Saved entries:
——————

text \<open>Because \<open>dotp x (schur c c') = dotp (schur x c) c'\<close> and \<open>C\<close> is its own dual, the dual
  of the Schur square is the stabilizer algebra \<open>{x. \<forall>c\<in>C. schur x c \<in> C}\<close>. Lagrange
  interpolation puts the indicator of every level set of an element of this algebra back into it,
  and splitting \<open>C\<close> along such a level set would decompose a block; so the algebra consists of
  the vectors that are constant on the blocks and is spanned by the block indicators. Hence the
  Schur square has codimension at most \<open>nb C\<close>; as it lies in the space of vectors with zero sum
  on every block, its codimension is also at least \<open>nb C\<close>. In particular all block
  decompositions have the same number of blocks, and one is obtained by splitting \<open>C\<close> as often
  as possible.\<close>

section \<open>Coordinate vectors\<close>

lemma sum_fun_apply: "(\<Sum>i\<in>T. f i) j = (\<Sum>i\<in>T. f i j)"
  by (induction T rule: infinite_finite_induct) auto

lemma module_hom_proj: "module_hom fscale fscale (proj T :: (nat \<Rightarrow> 'a::field) \<Rightarrow> _)"
  by (auto simp: module_hom_iff fvec.module_axioms proj_def fscale_def fun_eq_iff)

lemma subspace_vecs: "fvec.subspace (vecs n :: (nat \<Rightarrow> 'a::field) set)"
  unfolding fvec.subspace_def vecs_def by (auto simp: fscale_def)

lemma proj_zero [simp]: "proj B 0 = 0"
  by (simp add: proj_def fun_eq_iff)

lemma proj_proj: "proj A (proj B x) = proj (A \<inter> B) x"
  by (simp add: proj_def fun_eq_iff)

lemma proj_lessThan_vecs: "x \<in> vecs n \<Longrightarrow> proj {..<n} x = x"
  by (auto simp: proj_def vecs_def fun_eq_iff)

lemma sum_proj_partition:
  assumes "finite P" "pairwise disjnt P" "\<And>i. i \<notin> \<Union>P \<Longrightarrow> x i = 0"
  shows "(\<Sum>B\<in>P. proj B x) = x"
proof
  fix l
  show "(\<Sum>B\<in>P. proj B x) l = x l"
  proof (cases "l \<in> \<Union>P")
    case True
    then obtain B0 where B0: "B0 \<in> P" "l \<in> B0" by blast
    have "(\<Sum>B\<in>P. proj B x) l = (\<Sum>B\<in>P. if B = B0 then x l else 0)"
      unfolding sum_fun_apply proj_def
      using assms(2) B0 by (intro sum.cong) (auto simp: pairwise_def disjnt_def)
    then show ?thesis using assms(1) B0(1) by simp
  qed (use assms(3) in \<open>auto simp: sum_fun_apply proj_def intro: sum.neutral\<close>)
qed

lemma inj_on_indicator_singleton: "inj_on (\<lambda>i. indicator {i} :: nat \<Rightarrow> 'a::zero_neq_one) A"
  by (auto simp: inj_on_def fun_eq_iff split: split_indicator)

lemma mem_span_indicator_singletons:
  assumes "finite T" "\<And>i. i \<notin> T \<Longrightarrow> x i = 0"
  shows "x \<in> fvec.span ((\<lambda>i. indicator {i}) ` T :: (nat \<Rightarrow> 'a::field) set)"
proof -
  have "x = (\<Sum>i\<in>T. fscale (x i) (indicator {i}))"
  proof
    fix j
    have "(\<Sum>i\<in>T. fscale (x i) (indicator {i} :: nat \<Rightarrow> 'a)) j = (\<Sum>i\<in>T. if i = j then x i else 0)"
      unfolding sum_fun_apply fscale_def by (intro sum.cong) (auto split: split_indicator)
    then show "x j = (\<Sum>i\<in>T. fscale (x i) (indicator {i})) j"
      using assms by simp
  qed
  also have "\<dots> \<in> fvec.span ((\<lambda>i. indicator {i}) ` T)"
    by (intro fvec.span_sum fvec.span_scale fvec.span_base) auto
  finally show ?thesis .
qed

lemma vecs_eq_span: "vecs n = fvec.span ((\<lambda>i. indicator {i}) ` {..<n} :: (nat \<Rightarrow> 'a::field) set)"
proof
  show "vecs n \<subseteq> fvec.span ((\<lambda>i. indicator {i}) ` {..<n})"
    by (intro subsetI mem_span_indicator_singletons) (auto simp: vecs_def)
  show "fvec.span ((\<lambda>i. indicator {i}) ` {..<n}) \<subseteq> vecs n"
    by (rule fvec.span_minimal[OF _ subspace_vecs]) (auto simp: vecs_def)
qed

lemma independent_indicator_singletons:
  "fvec.independent ((\<lambda>i. indicator {i}) ` {..<n} :: (nat \<Rightarrow> 'a::field) set)"
proof (rule fvec.independent_if_scalars_zero)
  fix f :: "(nat \<Rightarrow> 'a) \<Rightarrow> 'a" and x :: "nat \<Rightarrow> 'a"
  assume sum0: "(\<Sum>x\<in>(\<lambda>i. indicator {i}) ` {..<n}. fscale (f x) x) = 0"
    and "x \<in> (\<lambda>i. indicator {i}) ` {..<n}"
  then obtain i where i: "i < n" "x = indicator {i}" by auto
  have "0 = (\<Sum>j<n. f (indicator {j}) * (indicator {j} i :: 'a))"
    using fun_cong[OF sum0, of i] by (simp add: sum_fun_apply fscale_def sum.reindex[OF inj_on_indicator_singleton])
  also have "\<dots> = f x"
    using i by (simp add: indicator_def)
  finally show "f x = 0" ..
qed simp

lemma dim_vecs: "fvec.dim (vecs n :: (nat \<Rightarrow> 'a::field) set) = n"
  unfolding vecs_eq_span fvec.dim_span_eq_card_independent[OF independent_indicator_singletons]
  by (simp add: card_image[OF inj_on_indicator_singleton])

lemma independent_vecs_bound:
  assumes "fvec.independent K" "K \<subseteq> vecs n"
  shows "finite K \<and> card K \<le> n"
  using fvec.independent_span_bound[of "(\<lambda>i. indicator {i}) ` {..<n}" K] assms
    card_image_le[of "{..<n}" "\<lambda>i. indicator {i} :: nat \<Rightarrow> 'a"]
  by (auto simp: vecs_eq_span)

lemma dim_le_card_if_inj_on_proj:
  assumes V: "fvec.subspace V" and T: "finite T" and inj: "inj_on (proj T) V"
  shows "fvec.dim (V :: (nat \<Rightarrow> 'a::field) set) \<le> card T"
proof -
  obtain K where K: "K \<subseteq> V" "fvec.independent K" "V \<subseteq> fvec.span K" "card K = fvec.dim V"
    using fvec.basis_exists by blast
  have injK: "inj_on (proj T) (fvec.span K)"
    using inj fvec.span_minimal[OF K(1) V] by (rule inj_on_subset)
  have "fvec.independent (proj T ` K)"
    using module_hom_proj K(2) injK by (rule module_hom.independent_injective_image)
  moreover have "proj T ` K \<subseteq> fvec.span ((\<lambda>i. indicator {i}) ` T)"
    using T by (auto simp: proj_def intro: mem_span_indicator_singletons)
  ultimately have "card (proj T ` K) \<le> card ((\<lambda>i. indicator {i} :: nat \<Rightarrow> 'a) ` T)"
    using T by (intro conjunct2[OF fvec.independent_span_bound]) auto
  also have "\<dots> \<le> card T"
    using T by (rule card_image_le)
  finally show ?thesis
    using K(4) card_image[OF inj_on_subset[OF injK fvec.span_superset]] by simp
qed

lemma eq_0_if_block_sums_zero:
  assumes "pairwise disjnt P" "\<forall>B\<in>P. finite B \<and> r B \<in> B"
    and "\<forall>B\<in>P. sum y B = 0" "\<forall>i. i \<notin> r ` P \<longrightarrow> y i = (0::'a::comm_monoid_add)"
  shows "y = 0"
proof
  fix l
  show "y l = 0 l"
  proof (cases "l \<in> r ` P")
    case True
    then obtain B where B: "B \<in> P" "l = r B" by blast
    have "y i = 0" if "i \<in> B - {r B}" for i
    proof -
      have "i \<noteq> r B'" if "B' \<in> P" for B'
        using assms(1,2) B(1) \<open>i \<in> B - {r B}\<close> that
        unfolding pairwise_def disjnt_def by (metis DiffD1 DiffD2 disjoint_iff singletonI)
      then show ?thesis
        using assms(4) by blast
    qed
    then have "sum y B = y (r B)"
      using sum.remove[of B "r B" y] assms(2) B(1) by simp
    then show ?thesis
      using assms(3) B by simp
  qed (use assms(4) in simp)
qed

lemma dim_add_card_le_if_block_sums_zero:
  assumes V: "fvec.subspace V" "V \<subseteq> vecs n"
    and P: "finite P" "{} \<notin> P" "pairwise disjnt P" "\<Union>P \<subseteq> {..<n}"
    and sums: "\<forall>y\<in>V. \<forall>B\<in>P. sum y B = (0::'a::field)"
  shows "fvec.dim V + card P \<le> n"
proof -
  obtain r where r: "\<forall>B\<in>P. r B \<in> B"
    using P(2) by (metis ex_in_conv)
  have fin: "\<forall>B\<in>P. finite B"
    using P(4) by (meson Sup_upper finite_lessThan finite_subset order_trans)
  have "inj_on r P"
    using P(3) r unfolding pairwise_def disjnt_def inj_on_def by (metis disjoint_iff)
  define T where "T = {..<n} - r ` P"
  have rP: "r ` P \<subseteq> {..<n}"
    using r P(4) by blast
  then have card_T: "card T = n - card P" and card_P: "card P \<le> n"
    using card_image[OF \<open>inj_on r P\<close>] card_mono[OF _ rP]
    by (simp_all add: T_def card_Diff_subset finite_subset)
  have "y = 0" if y: "y \<in> V" "proj T y = 0" for y
  proof (rule eq_0_if_block_sums_zero[of P r])
    show "\<forall>i. i \<notin> r ` P \<longrightarrow> y i = 0"
    proof (intro allI impI)
      fix i assume "i \<notin> r ` P"
      then show "y i = 0"
        using fun_cong[OF y(2), of i] y(1) V(2) by (cases "i < n") (auto simp: T_def proj_def vecs_def)
    qed
  qed (use P(3) fin r sums y(1) in auto)
  then have "inj_on (proj T) V"
    using module_hom.inj_on_iff_eq_0[OF module_hom_proj V(1)] by blast
  then have "fvec.dim V \<le> card T"
    using V(1) by (intro dim_le_card_if_inj_on_proj) (auto simp: T_def)
  with card_T card_P show ?thesis by linarith
qed

section \<open>Orthogonal complements\<close>

definition dotp :: "nat \<Rightarrow> (nat \<Rightarrow> 'a::field) \<Rightarrow> (nat \<Rightarrow> 'a) \<Rightarrow> 'a" where
  "dotp n x y = (\<Sum>i<n. x i * y i)"

lemma dual_code_dotp: "dual_code n K = {x \<in> vecs n. \<forall>c\<in>K. dotp n x c = 0}"
  by (simp add: dual_code_def dotp_def)

lemma dotp_indicator: "B \<subseteq> {..<n} \<Longrightarrow> dotp n (indicator B) y = sum y B"
  by (simp add: dotp_def indicator_def if_distrib sum.If_cases Int_absorb1)

lemma dotp_diff_scale_left: "dotp n (x - fscale t v) b = dotp n x b - t * dotp n v b"
  by (simp add: dotp_def fscale_def algebra_simps sum_subtractf sum_distrib_left)

lemma subspace_dotp_right_eq_0: "fvec.subspace {w. dotp n x w = (0::'a::field)}"
proof -
  have "dotp n x (fscale c y) = c * dotp n x y" for c y
    by (simp add: dotp_def fscale_def sum_distrib_left algebra_simps)
  then show ?thesis
    unfolding fvec.subspace_def by (auto simp: dotp_def distrib_left sum.distrib)
qed

lemma subspace_dual_code: "fvec.subspace (dual_code n (K :: (nat \<Rightarrow> 'a::field) set))"
proof -
  have "dotp n (fscale c x) y = c * dotp n x y" for c :: 'a and x y
    by (simp add: dotp_def fscale_def sum_distrib_left algebra_simps)
  then show ?thesis
    unfolding fvec.subspace_def dual_code_dotp
    by (auto simp: dotp_def distrib_right sum.distrib vecs_def fscale_def)
qed

lemma dual_code_span: "dual_code n (fvec.span K) = dual_code n K"
proof
  show "dual_code n (fvec.span K) \<subseteq> dual_code n K"
    using fvec.span_superset by (auto simp: dual_code_def)
  show "dual_code n K \<subseteq> dual_code n (fvec.span K)"
  proof
    fix x assume x: "x \<in> dual_code n K"
    then have "fvec.span K \<subseteq> {w. dotp n x w = 0}"
      by (intro fvec.span_minimal[OF _ subspace_dotp_right_eq_0]) (auto simp: dual_code_dotp)
    then show "x \<in> dual_code n (fvec.span K)"
      using x by (auto simp: dual_code_dotp)
  qed
qed

lemma dim_le_dim_inter_hyperplane:
  assumes V: "fvec.subspace V" "V \<subseteq> vecs n"
  shows "fvec.dim (V :: (nat \<Rightarrow> 'a::field) set) \<le> fvec.dim (V \<inter> {x. dotp n x b = 0}) + 1"
proof (cases "V \<subseteq> {x. dotp n x b = 0}")
  case True
  then show ?thesis by (simp add: Int_absorb2)
next
  case False
  then obtain v where v: "v \<in> V" "dotp n v b \<noteq> 0" by auto
  obtain K where K: "K \<subseteq> V \<inter> {x. dotp n x b = 0}" "fvec.independent K"
      "V \<inter> {x. dotp n x b = 0} \<subseteq> fvec.span K" "card K = fvec.dim (V \<inter> {x. dotp n x b = 0})"
    using fvec.basis_exists by blast
  have "finite K"
    using independent_vecs_bound[OF K(2)] K(1) V(2) by blast
  have "V \<subseteq> fvec.span (insert v K)"
  proof
    fix x assume x: "x \<in> V"
    define t where "t = dotp n x b / dotp n v b"
    have "x - fscale t v \<in> V \<inter> {x. dotp n x b = 0}"
      using x v V(1) by (auto simp: dotp_diff_scale_left t_def fvec.subspace_diff fvec.subspace_scale)
    then have "(x - fscale t v) + fscale t v \<in> fvec.span (insert v K)"
      using K(3) fvec.span_mono[of K "insert v K"]
      by (intro fvec.span_add fvec.span_scale) (auto intro: fvec.span_base)
    then show "x \<in> fvec.span (insert v K)" by simp
  qed
  then have "fvec.dim V \<le> card (insert v K)"
    using \<open>finite K\<close> by (intro fvec.dim_le_card) auto
  also have "\<dots> \<le> card K + 1"
    using \<open>finite K\<close> by (simp add: card_insert_if)
  finally show ?thesis using K(4) by simp
qed

lemma card_add_dim_dual_code_ge:
  assumes "finite K"
  shows "n \<le> card K + fvec.dim (dual_code n (K :: (nat \<Rightarrow> 'a::field) set))"
  using assms
proof (induction K rule: finite_induct)
  case empty
  have "dual_code n {} = (vecs n :: (nat \<Rightarrow> 'a) set)" by (simp add: dual_code_def)
  then show ?case by (simp add: dim_vecs)
next
  case (insert b K)
  have "dual_code n (insert b K) = dual_code n K \<inter> {x. dotp n x b = 0}"
    by (auto simp: dual_code_dotp)
  moreover have "fvec.dim (dual_code n K) \<le> fvec.dim (dual_code n K \<inter> {x. dotp n x b = 0}) + 1"
    by (rule dim_le_dim_inter_hyperplane[OF subspace_dual_code]) (auto simp: dual_code_def)
  ultimately show ?case using insert by simp
qed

——————

Look back at the data above. Transcribe exactly the lines starting at the line that contains "by (simp_all add: T_def" and ending at the line that contains "y = (\<Sum>i<n.".

■ **Written response**
    by (simp_all add: T_def card_Diff_subset finite_subset)
  have "y = 0" if y: "y \<in> V" "proj T y = 0" for y
  proof (rule eq_0_if_block_sums_zero[of P r])
    show "\<forall>i. i \<notin> r ` P \<longrightarrow> y i = 0"
    proof (intro allI impI)
      fix i assume "i \<notin> r ` P"
      then show "y i = 0"
        using fun_cong[OF y(2), of i] y(1) V(2) by (cases "i < n") (auto simp: T_def proj_def vecs_def)
    qed
  qed (use P(3) fin r sums y(1) in auto)
  then have "inj_on (proj T) V"
    using module_hom.inj_on_iff_eq_0[OF module_hom_proj V(1)] by blast
  then have "fvec.dim V \<le> card T"
    using V(1) by (intro dim_le_card_if_inj_on_proj) (auto simp: T_def)
  with card_T card_P show ?thesis by linarith
qed

section \<open>Orthogonal complements\<close>

definition dotp :: "nat \<Rightarrow> (nat \<Rightarrow> 'a::field) \<Rightarrow> (nat \<Rightarrow> 'a) \<Rightarrow> 'a" where
  "dotp n x y = (\<Sum>i<n. x i * y i)"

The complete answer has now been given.